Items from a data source
^^^^^^^^
(* Let $m_1,m_2,m_3\ge 2$ be integers and let $P^{\mathbf{i}}\in\mathbb{R}^3$ be points indexed by multi-indices $\mathbf{i}=(i_1,i_2,i_3)$ with $i_j\in\{1,\dots,m_j\}$. For $k\in\{1,2,3\}$ let $e_k$ be the $k$-th unit multi-index, $I(k)=\{\mathbf{i}: i_j\in\{1,\dots,m_j\}\text{ for }j\ne k,\ i_k\in\{1,\dots,m_k-1\}\}$, $\Delta_k^{\mathbf{i}}=P^{\mathbf{i}+e_k}-P^{\mathbf{i}}$ for $\mathbf{i}\in I(k)$, and $C_k=\mathrm{coni}\{\Delta_k^{\mathbf{i}}:\mathbf{i}\in I(k)\}$. Define $H_1(x)=x_1-x_2-x_3$, $H_2(x)=x_1-x_2+x_3$, $H_3(x)=x_1+x_2-x_3$, $H_4(x)=x_1+x_2+x_3$ and $C_1^0=\{x: H_1(x)>0,H_2(x)>0,H_3(x)>0,H_4(x)>0\}\cup\{0\}$, $C_2^0=\{x: H_1(x)<0,H_2(x)<0,H_3(x)>0,H_4(x)>0\}\cup\{0\}$, $C_3^0=\{x: H_1(x)<0,H_2(x)>0,H_3(x)<0,H_4(x)>0\}\cup\{0\}$. If $\mathrm{conv}\{\Delta_k^{\mathbf{i}}:\mathbf{i}\in I(k)\}\subset C_k^0$ for $k=1,2,3$, then $C_1,C_2,C_3$ are cotransverse.
   Context: The conical hull of $X\subseteq\mathbb{R}^3$ is $\mathrm{coni}\,X=\{\sum_{i=1}^n\lambda_i x_i: x_i\in X,\ n\in\mathbb{N},\ \lambda_i\ge0\}$ and the convex hull is $\mathrm{conv}\,X=\{\sum_{i=1}^n\lambda_i x_i: x_i\in X,\ n\in\mathbb{N},\ \lambda_i\ge0,\ \sum_i\lambda_i=1\}$; the convex hull of several cones means the convex hull of their union. A subset $X$ is a cone if $x\in X,\lambda\ge0\Rightarrow\lambda x\in X$. Two cones $C,D$ are transverse if $C\cup(-C)$ and $D\cup(-D)$ intersect only in $\{0\}$. Three cones $C_1,C_2,C_3$ are cotransverse if the origin is a vertex of the convex hull of $C_1,C_2,C_3$ and, for every $\{i,j,k\}=\{1,2,3\}$, $C_i$ and the convex hull of $C_j,C_k$ are transverse. *)

theory Defs
  imports "HOL-Analysis.Analysis"
begin

definition coni :: "'a::real_vector set \<Rightarrow> 'a set" where
  "coni X = {y. \<exists>(n::nat) (x::nat \<Rightarrow> 'a) (l::nat \<Rightarrow> real).
      (\<forall>i<n. x i \<in> X \<and> l i \<ge> 0) \<and> y = (\<Sum>i<n. l i *\<^sub>R x i)}"

definition transverse :: "'a::real_vector set \<Rightarrow> 'a set \<Rightarrow> bool" where
  "transverse C D \<longleftrightarrow> (C \<union> uminus ` C) \<inter> (D \<union> uminus ` D) \<subseteq> {0}"

text \<open>Vertex of a convex set = extreme point.\<close>
definition cotransverse :: "'a::real_vector set \<Rightarrow> 'a set \<Rightarrow> 'a set \<Rightarrow> bool" where
  "cotransverse C1 C2 C3 \<longleftrightarrow>
     0 extreme_point_of (convex hull (C1 \<union> C2 \<union> C3)) \<and>
     transverse C1 (convex hull (C2 \<union> C3)) \<and>
     transverse C2 (convex hull (C1 \<union> C3)) \<and>
     transverse C3 (convex hull (C1 \<union> C2))"

definition idxset :: "nat^3 \<Rightarrow> 3 \<Rightarrow> (nat^3) set" where
  "idxset m k = {i. \<forall>j. 1 \<le> i$j \<and> (if j = k then i$j \<le> m$j - 1 else i$j \<le> m$j)}"

definition Delta :: "(nat^3 \<Rightarrow> real^3) \<Rightarrow> 3 \<Rightarrow> nat^3 \<Rightarrow> real^3" where
  "Delta P k i = P (i + axis k 1) - P i"

definition Dset :: "nat^3 \<Rightarrow> (nat^3 \<Rightarrow> real^3) \<Rightarrow> 3 \<Rightarrow> (real^3) set" where
  "Dset m P k = Delta P k ` idxset m k"

definition H1 :: "real^3 \<Rightarrow> real" where "H1 x = x$1 - x$2 - x$3"
definition H2 :: "real^3 \<Rightarrow> real" where "H2 x = x$1 - x$2 + x$3"
definition H3 :: "real^3 \<Rightarrow> real" where "H3 x = x$1 + x$2 - x$3"
definition H4 :: "real^3 \<Rightarrow> real" where "H4 x = x$1 + x$2 + x$3"

definition C0_1 :: "(real^3) set" where
  "C0_1 = {x. H1 x > 0 \<and> H2 x > 0 \<and> H3 x > 0 \<and> H4 x > 0} \<union> {0}"
definition C0_2 :: "(real^3) set" where
  "C0_2 = {x. H1 x < 0 \<and> H2 x < 0 \<and> H3 x > 0 \<and> H4 x > 0} \<union> {0}"
definition C0_3 :: "(real^3) set" where
  "C0_3 = {x. H1 x < 0 \<and> H2 x > 0 \<and> H3 x < 0 \<and> H4 x > 0} \<union> {0}"

end

theory Submission
  imports Defs
begin

text \<open>Each \<open>C\<^sub>k\<^sup>0\<close> is an open polyhedral cone with the apex added. The hypotheses put
  the generators of \<open>C\<^sub>k\<close> into \<open>C\<^sub>k\<^sup>0\<close>, hence \<open>C\<^sub>k \<subseteq> C\<^sub>k\<^sup>0\<close>. All three cones lie in
  \<open>H\<^sub>4 > 0\<close>, which makes the origin a vertex of their convex hull; and for each \<open>k\<close>
  one functional (\<open>H\<^sub>1\<close>, \<open>H\<^sub>2\<close>, \<open>H\<^sub>3\<close> respectively) has one sign on \<open>C\<^sub>k\<^sup>0\<close> and the
  opposite sign on the other two cones, so together with \<open>H\<^sub>4\<close> it separates
  \<open>\<plusminus>C\<^sub>k\<close> from \<open>\<plusminus>conv(C\<^sub>i \<union> C\<^sub>j)\<close>.\<close>

definition pos_cone :: "('a::real_vector \<Rightarrow> real) set \<Rightarrow> 'a set" where
  "pos_cone F = {x. \<forall>f\<in>F. 0 < f x} \<union> {0}"

lemma convex_cone_pos_cone:
  assumes "\<And>f. f \<in> F \<Longrightarrow> linear f"
  shows "convex_cone (pos_cone F)"
  unfolding convex_cone_iff
proof (intro conjI ballI allI impI)
  show "0 \<in> pos_cone F"
    by (simp add: pos_cone_def)
next
  fix x y assume x: "x \<in> pos_cone F" and y: "y \<in> pos_cone F"
  show "x + y \<in> pos_cone F"
  proof (cases "x = 0 \<or> y = 0")
    case True
    with x y show ?thesis by auto
  next
    case False
    with x y have "0 < f x + f y" if "f \<in> F" for f
      using that by (simp add: pos_cone_def add_pos_pos)
    then show ?thesis
      using assms by (simp add: pos_cone_def linear_add)
  qed
next
  fix x and c :: real assume "x \<in> pos_cone F" "0 \<le> c"
  then show "c *\<^sub>R x \<in> pos_cone F"
    using assms by (cases "c = 0") (auto simp: pos_cone_def linear_cmul)
qed

lemma convex_pos_cone: "(\<And>f. f \<in> F \<Longrightarrow> linear f) \<Longrightarrow> convex (pos_cone F)"
  using convex_cone_pos_cone unfolding convex_cone_def by blast

lemma convex_hull_Un_subset_pos_cone:
  assumes "\<And>f. f \<in> F \<Longrightarrow> linear f" "A \<subseteq> pos_cone F" "B \<subseteq> pos_cone F"
  shows "convex hull (A \<union> B) \<subseteq> pos_cone F"
  using assms by (intro hull_minimal convex_pos_cone) auto

lemma zero_in_coni: "0 \<in> coni X"
  unfolding coni_def by (intro CollectI exI[of _ 0]) simp

lemma coni_subset_convex_cone:
  assumes K: "convex_cone K" and "X \<subseteq> K"
  shows "coni X \<subseteq> K"
proof
  fix y assume "y \<in> coni X"
  then obtain n :: nat and x l
    where gen: "\<forall>i<n. x i \<in> X \<and> 0 \<le> l i" and y: "y = (\<Sum>i<n. l i *\<^sub>R x i)"
    unfolding coni_def by blast
  have "(\<Sum>i<k. l i *\<^sub>R x i) \<in> K" if "k \<le> n" for k
    using that
  proof (induction k)
    case 0
    show ?case using convex_cone_contains_0[OF K] by simp
  next
    case (Suc k)
    then have "x k \<in> K" "0 \<le> l k"
      using gen \<open>X \<subseteq> K\<close> by auto
    then have "l k *\<^sub>R x k \<in> K"
      by (simp add: convex_cone_scaleR[OF K])
    then show ?case
      using Suc by (simp add: convex_cone_add[OF K])
  qed
  then show "y \<in> K"
    using y by simp
qed

lemma extreme_point_zero_pos_cone:
  assumes f: "linear f" and S: "S \<subseteq> pos_cone {f}" "0 \<in> S"
  shows "0 extreme_point_of S"
  unfolding extreme_point_of_def
proof (intro conjI ballI notI)
  show "0 \<in> S" by fact
next
  fix a b assume "a \<in> S" "b \<in> S" "0 \<in> open_segment a b"
  then have a: "a = 0 \<or> 0 < f a" and b: "b = 0 \<or> 0 < f b"
    using S by (auto simp: pos_cone_def)
  obtain u where "a \<noteq> b" "0 < u" "u < 1" and u: "0 = (1 - u) *\<^sub>R a + u *\<^sub>R b"
    using \<open>0 \<in> open_segment a b\<close> unfolding in_segment(2) by blast
  moreover have "0 = (1 - u) * f a + u * f b"
    using arg_cong[OF u, of f] f by (simp add: linear_0 linear_add linear_cmul)
  moreover have "0 \<le> (1 - u) * f a" "0 \<le> u * f b"
    using a b \<open>0 < u\<close> \<open>u < 1\<close> f by (auto simp: linear_0)
  ultimately have "(1 - u) * f a = 0" "u * f b = 0"
    by linarith+
  then have "a = 0" "b = 0"
    using a b \<open>0 < u\<close> \<open>u < 1\<close> by auto
  with \<open>a \<noteq> b\<close> show False by simp
qed

lemma transverse_commute: "transverse C D \<longleftrightarrow> transverse D C"
  unfolding transverse_def by blast

text \<open>For \<open>z \<noteq> 0\<close> in \<open>\<plusminus>C\<close> and in \<open>\<plusminus>D\<close>: if the two signs agree, \<open>f z\<close> would have
  both signs; if they differ, \<open>g z\<close> would.\<close>
lemma transverse_opposite_sign:
  assumes "linear f" "linear g"
    and "C \<subseteq> pos_cone {f, g}" "D \<subseteq> pos_cone {\<lambda>x. - f x, g}"
  shows "transverse C D"
  unfolding transverse_def
proof
  fix z assume "z \<in> (C \<union> uminus ` C) \<inter> (D \<union> uminus ` D)"
  then have "z \<in> C \<or> -z \<in> C" "z \<in> D \<or> -z \<in> D"
    by (auto simp: image_iff)
  moreover have C: "x = 0 \<or> 0 < f x \<and> 0 < g x" if "x \<in> C" for x
    using that assms(3) by (auto simp: pos_cone_def)
  moreover have D: "x = 0 \<or> f x < 0 \<and> 0 < g x" if "x \<in> D" for x
    using that assms(4) by (auto simp: pos_cone_def)
  moreover have "f (-z) = - f z" "g (-z) = - g z"
    using assms(1,2) by (simp_all add: linear_neg)
  ultimately have "z = 0"
    by (smt (verit) neg_equal_0_iff_equal)
  then show "z \<in> {0}" by simp
qed

lemma linear_H: "linear H1" "linear H2" "linear H3" "linear H4"
  by (auto intro!: linearI simp: H1_def H2_def H3_def H4_def algebra_simps)

lemma linear_neg_H: "linear (\<lambda>x. - H1 x)" "linear (\<lambda>x. - H2 x)" "linear (\<lambda>x. - H3 x)"
  by (rule linear_compose_neg, rule linear_H)+

lemma C0_pos_cone:
  "C0_1 = pos_cone {H1, H2, H3, H4}"
  "C0_2 = pos_cone {\<lambda>x. - H1 x, \<lambda>x. - H2 x, H3, H4}"
  "C0_3 = pos_cone {\<lambda>x. - H1 x, H2, \<lambda>x. - H3 x, H4}"
  unfolding C0_1_def C0_2_def C0_3_def pos_cone_def by auto

lemma convex_cone_C0: "convex_cone C0_1" "convex_cone C0_2" "convex_cone C0_3"
  unfolding C0_pos_cone
  by (auto intro!: convex_cone_pos_cone simp: linear_H linear_neg_H)

theorem lemma2:
  fixes m :: "nat^3" and P :: "nat^3 \<Rightarrow> real^3"
  assumes "\<forall>j. m$j \<ge> 2"
    and "convex hull (Dset m P 1) \<subseteq> C0_1"
    and "convex hull (Dset m P 2) \<subseteq> C0_2"
    and "convex hull (Dset m P 3) \<subseteq> C0_3"
  shows "cotransverse (coni (Dset m P 1)) (coni (Dset m P 2)) (coni (Dset m P 3))"
proof -
  let ?C1 = "coni (Dset m P 1)" and ?C2 = "coni (Dset m P 2)" and ?C3 = "coni (Dset m P 3)"
  have "?C1 \<subseteq> C0_1" "?C2 \<subseteq> C0_2" "?C3 \<subseteq> C0_3"
    using coni_subset_convex_cone[OF convex_cone_C0(1) subset_trans[OF hull_subset assms(2)]]
      coni_subset_convex_cone[OF convex_cone_C0(2) subset_trans[OF hull_subset assms(3)]]
      coni_subset_convex_cone[OF convex_cone_C0(3) subset_trans[OF hull_subset assms(4)]] .
  then have C: "?C1 \<subseteq> pos_cone {H1, H2, H3, H4}"
    "?C2 \<subseteq> pos_cone {\<lambda>x. - H1 x, \<lambda>x. - H2 x, H3, H4}"
    "?C3 \<subseteq> pos_cone {\<lambda>x. - H1 x, H2, \<lambda>x. - H3 x, H4}"
    unfolding C0_pos_cone .
  have "convex hull (?C1 \<union> ?C2 \<union> ?C3) \<subseteq> pos_cone {H4}"
    using C by (intro convex_hull_Un_subset_pos_cone) (auto simp: linear_H pos_cone_def)
  then have "0 extreme_point_of convex hull (?C1 \<union> ?C2 \<union> ?C3)"
    by (rule extreme_point_zero_pos_cone[OF linear_H(4)]) (simp add: hull_inc zero_in_coni)
  moreover have "transverse ?C1 (convex hull (?C2 \<union> ?C3))"
    using C by (intro transverse_opposite_sign[OF linear_H(1,4)] convex_hull_Un_subset_pos_cone)
      (auto simp: linear_H linear_neg_H pos_cone_def)
  moreover have "transverse (convex hull (?C1 \<union> ?C3)) ?C2"
    using C by (intro transverse_opposite_sign[OF linear_H(2,4)] convex_hull_Un_subset_pos_cone)
      (auto simp: linear_H pos_cone_def)
  moreover have "transverse (convex hull (?C1 \<union> ?C2)) ?C3"
    using C by (intro transverse_opposite_sign[OF linear_H(3,4)] convex_hull_Un_subset_pos_cone)
      (auto simp: linear_H pos_cone_def)
  ultimately show ?thesis
    unfolding cotransverse_def by (simp add: transverse_commute)
qed

end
^^^^^^^^
**What this task involves**
Only output the lines from the one with "unfolding cotransverse_def by" through the end of the entries above, exactly as they are.

**Solved exercise**
    unfolding cotransverse_def by (simp add: transverse_commute)
qed

end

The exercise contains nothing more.